Siyasetin her alanında savrulan AKP yönetiminin dış politikadaki karnesi baştan sona kırıklarla dolu.
Cumhuriyet döneminde izlenen dış politikanın son 20 yılı -ki AKP dönemini kapsıyor- bence yok mesabesinde…
Son 60 yıldır gözlemci-gazeteci olarak geçmişe dönüp baktığımda 1960 sonrası izlenen dış politika ile son 20 yıl arasında geliştirilmeye çalışılan dış ilişkiler arasında dağlar kadar fark var.
Hatta son dönemde “başarılı bir atak” dediğimiz, ülkeyi batı dünyasına doğru götürecek tek bir adım bile yok.
Eski Cumhurbaşkanı Abdullah Gül döneminde, AB konusunda alınan yol, ileri atılan bir adım dahi Türk halkını heyecanlandırmıştı.
Hepsi o kadar.
Sadece heyecanlanmakla kaldık.
Bir adım ileri gidemedik.
Suriye konusunda yaptığımız yanlıştan sonra pusulamış şaşmış durumda.
Kuzey komşumuz Rusya ile Ukrayna arasında patlak veren savaşta aracı olmak istedik.
Rus lider yanıt bile vermedi…
Nato’nun en güçlü ordularından birine sahip olmamıza rağmen bu örgüt bizi iplemiyor bile.
Tabii Nato’nun tavrı karşısında sayın Erdoğan “Sen beni tanımıyorsan, ben seni hiç tanımıyorum” anlamına gelen değişik tavırlar sergilemekten geri kalmadı.
Bari her zaman olmasa da ara sıra haklı olabileceğimiz görüşler ortaya konabilseydi.
“Kör gözün” parmağı gibi aynı şeyleri kendine “yontup” ortaya koyarsan elin oğlu” Hoop” diyebilir…
Neticede Batı dünyası ve liderleri de “geri zekâlı” değil.
Bir sağa¸ bir sola giderseniz, bugün ABD deyip, yarın Rusya derseniz, yani çizginizde” zik-zak” yaparsanız, buna “istikrarlı dış politika” denmez, tam aksine “dansöz siyaseti” denir ki, uluslararası arenada bu hal ve tablo pek makbul değildir…
Son 20 yılda görev yapan AKP’nin dışişleri bakanları gözümün önüne geliyor da…
Nedense, hiç yokken katıla katıla gülüyorum…
Ancak, şu anda görev yapan sayın bakan gözümün önüne gelmiyor mu?

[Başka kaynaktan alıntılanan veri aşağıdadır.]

(* Let $X$ be an infinite Tychonoff space and let $E$ be a Banach space. If $T:C_p(X)\to E_w$ is a sequentially continuous map (not necessarily linear), then the set $X\setminus B(T)$ is finite, where $B(T)$ is the set of all points $t\in X$ having an open neighbourhood $U$ in $X$ such that $\sup\{\|T(f)\|: f\in C(X),\ \operatorname{supp}(f)\subset U\}<\infty$.
   Context: $C_p(X)$ is the space $C(X)$ of continuous real-valued functions on $X$ with the pointwise convergence topology; $E_w$ is $E$ with its weak topology; $\|\cdot\|$ is the norm of $E$. For $f:X\to\mathbb{R}$, $\operatorname{supp}(f)=\{t\in X: f(t)\neq 0\}$. A map is sequentially continuous if it sends convergent sequences to convergent sequences. *)

theory Defs
  imports "HOL-Analysis.Analysis"
begin

definition tychonoff_space :: "'a topology \<Rightarrow> bool" where
  "tychonoff_space X \<longleftrightarrow> completely_regular_space X \<and> Hausdorff_space X"

text \<open>The carrier C(X): continuous real functions on the topological space X,
  made extensional (value undefined off the carrier) so each element of C(X)
  has a unique representative.\<close>
definition Cfun :: "'a topology \<Rightarrow> ('a \<Rightarrow> real) set" where
  "Cfun X = {f. continuous_map X euclideanreal f \<and> f \<in> extensional (topspace X)}"

definition supp :: "'a topology \<Rightarrow> ('a \<Rightarrow> real) \<Rightarrow> 'a set" where
  "supp X f = {t \<in> topspace X. f t \<noteq> 0}"

definition weakly_convergent_to :: "(nat \<Rightarrow> 'b::real_normed_vector) \<Rightarrow> 'b \<Rightarrow> bool" where
  "weakly_convergent_to x y \<longleftrightarrow>
     (\<forall>\<phi> :: 'b \<Rightarrow> real. bounded_linear \<phi> \<longrightarrow> (\<lambda>n. \<phi> (x n)) \<longlonglongrightarrow> \<phi> y)"

definition seq_cont_Cp_weak :: "'a topology \<Rightarrow> (('a \<Rightarrow> real) \<Rightarrow> 'b::real_normed_vector) \<Rightarrow> bool" where
  "seq_cont_Cp_weak X T \<longleftrightarrow>
     (\<forall>fs f. (\<forall>n. fs n \<in> Cfun X) \<longrightarrow> f \<in> Cfun X \<longrightarrow>
        (\<forall>t\<in>topspace X. (\<lambda>n. fs n t) \<longlonglongrightarrow> f t) \<longrightarrow>
        weakly_convergent_to (\<lambda>n. T (fs n)) (T f))"

definition BT :: "'a topology \<Rightarrow> (('a \<Rightarrow> real) \<Rightarrow> 'b::real_normed_vector) \<Rightarrow> 'a set" where
  "BT X T = {t \<in> topspace X. \<exists>U. openin X U \<and> t \<in> U \<and>
      bdd_above {norm (T f) | f. f \<in> Cfun X \<and> supp X f \<subseteq> U}}"

end

theory Submission
  imports Defs
begin

text \<open>If infinitely many points lay outside B(T), regularity would give pairwise disjoint open
  sets U n, each containing such a point, and hence continuous f n supported in U n with
  norm (T (f n)) > n. By disjointness f n \<rightarrow> 0 pointwise, so T (f n) \<rightarrow> T 0 weakly. But weakly
  convergent sequences are norm bounded: otherwise a gliding hump series
  \<Sum>k. 3 ^ -k * \<psi> k, built from norming functionals \<psi> k given by Hahn-Banach, would be an
  element of the dual that is unbounded on the sequence.\<close>

section \<open>Norming functionals\<close>

text \<open>Partial linear functionals are encoded by their graphs, so that extension is inclusion
  and Zorn's lemma applies directly.\<close>

definition dominated_linear_graph :: "('b::real_normed_vector \<times> real) set \<Rightarrow> bool" where
  "dominated_linear_graph G \<longleftrightarrow>
     (\<forall>x a y b. (x, a) \<in> G \<longrightarrow> (y, b) \<in> G \<longrightarrow> (x + y, a + b) \<in> G) \<and>
     (\<forall>x a c. (x, a) \<in> G \<longrightarrow> (c *\<^sub>R x, c * a) \<in> G) \<and>
     (\<forall>x a. (x, a) \<in> G \<longrightarrow> a \<le> norm x)"

lemma dominated_linear_graphD:
  assumes "dominated_linear_graph G"
  shows dominated_linear_graph_add: "(x, a) \<in> G \<Longrightarrow> (y, b) \<in> G \<Longrightarrow> (x + y, a + b) \<in> G"
    and dominated_linear_graph_scale: "(x, a) \<in> G \<Longrightarrow> (c *\<^sub>R x, c * a) \<in> G"
    and dominated_linear_graph_le_norm: "(x, a) \<in> G \<Longrightarrow> a \<le> norm x"
  using assms unfolding dominated_linear_graph_def by blast+

lemma dominated_linear_graph_unique:
  assumes G: "dominated_linear_graph G" and "(x, a) \<in> G" "(x, b) \<in> G"
  shows "a = b"
proof -
  have "(x + (-1) *\<^sub>R x, a + (-1) * b) \<in> G" "(x + (-1) *\<^sub>R x, b + (-1) * a) \<in> G"
    using assms by (blast intro: dominated_linear_graph_add dominated_linear_graph_scale)+
  then have "a - b \<le> 0" "b - a \<le> 0"
    using dominated_linear_graph_le_norm[OF G] by fastforce+
  then show ?thesis by simp
qed

lemma dominated_linear_graph_separating_value:
  fixes z :: "'b::real_normed_vector"
  assumes G: "dominated_linear_graph G" and "(0, 0) \<in> G"
  obtains c where "\<And>x a. (x, a) \<in> G \<Longrightarrow> a - norm (x - z) \<le> c"
    and "\<And>x a. (x, a) \<in> G \<Longrightarrow> c \<le> norm (x + z) - a"
proof -
  define L where "L = {a - norm (x - z) | x a. (x, a) \<in> G}"
  have L_le: "l \<le> norm (y + z) - b" if "l \<in> L" "(y, b) \<in> G" for l y b
  proof -
    obtain x a where "l = a - norm (x - z)" "(x, a) \<in> G"
      using \<open>l \<in> L\<close> unfolding L_def by blast
    moreover have "a + b \<le> norm (x + y)"
      using G \<open>(x, a) \<in> G\<close> \<open>(y, b) \<in> G\<close> by (meson dominated_linear_graphD)
    moreover have "norm (x + y) \<le> norm (x - z) + norm (y + z)"
      using norm_triangle_ineq[of "x - z" "y + z"] by simp
    ultimately show ?thesis by simp
  qed
  have "L \<noteq> {}" "bdd_above L"
    using \<open>(0, 0) \<in> G\<close> L_le unfolding L_def bdd_above_def by blast+
  show thesis
  proof (rule that[of "Sup L"])
    show "a - norm (x - z) \<le> Sup L" if "(x, a) \<in> G" for x a
      using that \<open>bdd_above L\<close> by (auto simp: L_def intro!: cSup_upper)
    show "Sup L \<le> norm (x + z) - a" if "(x, a) \<in> G" for x a
      using \<open>L \<noteq> {}\<close> L_le that by (blast intro: cSup_least)
  qed
qed

lemma dominated_linear_graph_extension_value:
  fixes z :: "'b::real_normed_vector"
  assumes G: "dominated_linear_graph G" and "(0, 0) \<in> G"
  obtains c where "\<And>x a t. (x, a) \<in> G \<Longrightarrow> a + t * c \<le> norm (x + t *\<^sub>R z)"
proof -
  obtain c where c_lower: "\<And>x a. (x, a) \<in> G \<Longrightarrow> a - norm (x - z) \<le> c"
    and c_upper: "\<And>x a. (x, a) \<in> G \<Longrightarrow> c \<le> norm (x + z) - a"
    using dominated_linear_graph_separating_value[OF assms] by blast
  have "a + t * c \<le> norm (x + t *\<^sub>R z)" if "(x, a) \<in> G" for x a t
  proof -
    define N where "N = norm (x /\<^sub>R t + z)"
    have N: "norm (x + t *\<^sub>R z) = \<bar>t\<bar> * N" if "t \<noteq> 0"
      using that norm_scaleR[of t "x /\<^sub>R t + z"] by (simp add: N_def scaleR_right_distrib)
    show ?thesis
    proof (cases t "0::real" rule: linorder_cases)
      case less
      have "- a / t - N \<le> c"
        using c_lower[OF dominated_linear_graph_scale[OF G that, of "- inverse t"]]
        by (simp add: N_def divide_inverse mult.commute add.commute
            norm_minus_commute[of "- (x /\<^sub>R t)"])
      then have "- t * (- a / t - N) \<le> - t * c"
        using less by (intro mult_left_mono) auto
      moreover have "- t * (- a / t - N) = a + t * N"
        using less by (simp add: field_simps)
      ultimately show ?thesis
        using less N by (simp add: algebra_simps)
    next
      case greater
      have "c \<le> N - a / t"
        using c_upper[OF dominated_linear_graph_scale[OF G that, of "inverse t"]]
        by (simp add: N_def divide_inverse mult.commute)
      then have "t * c \<le> t * (N - a / t)"
        using greater by (intro mult_left_mono) auto
      moreover have "t * (N - a / t) = t * N - a"
        using greater by (simp add: field_simps)
      ultimately show ?thesis
        using greater N by (simp add: algebra_simps)
    qed (use dominated_linear_graph_le_norm[OF G that] in simp)
  qed
  then show thesis using that by blast
qed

Bu kez, ağlayasım, olmayan saçlarımı yolasım geliyor.
Bu iki hal de, bani için iyiye işaret değil, bunu da biliyorum…
1960 sonrası, rahmetli Demirel döneminde görev yapan rahmetli “Monşer” İhsan Sabri Çağlayangil aklıma geliyor sık sık…
İzlenen siyaseti ve dış dünyadaki itibarımızı hatırlıyorum da…
İçim titriyor inanın…
Meğer o zamanlar Türkiye’nin “merkez ağırlığı” ne kadar da fazlaymış…
Şu anları görüyor, yaşıyorum da…
Bu hallere mı düşecektik diye hep karalar bağlıyorum.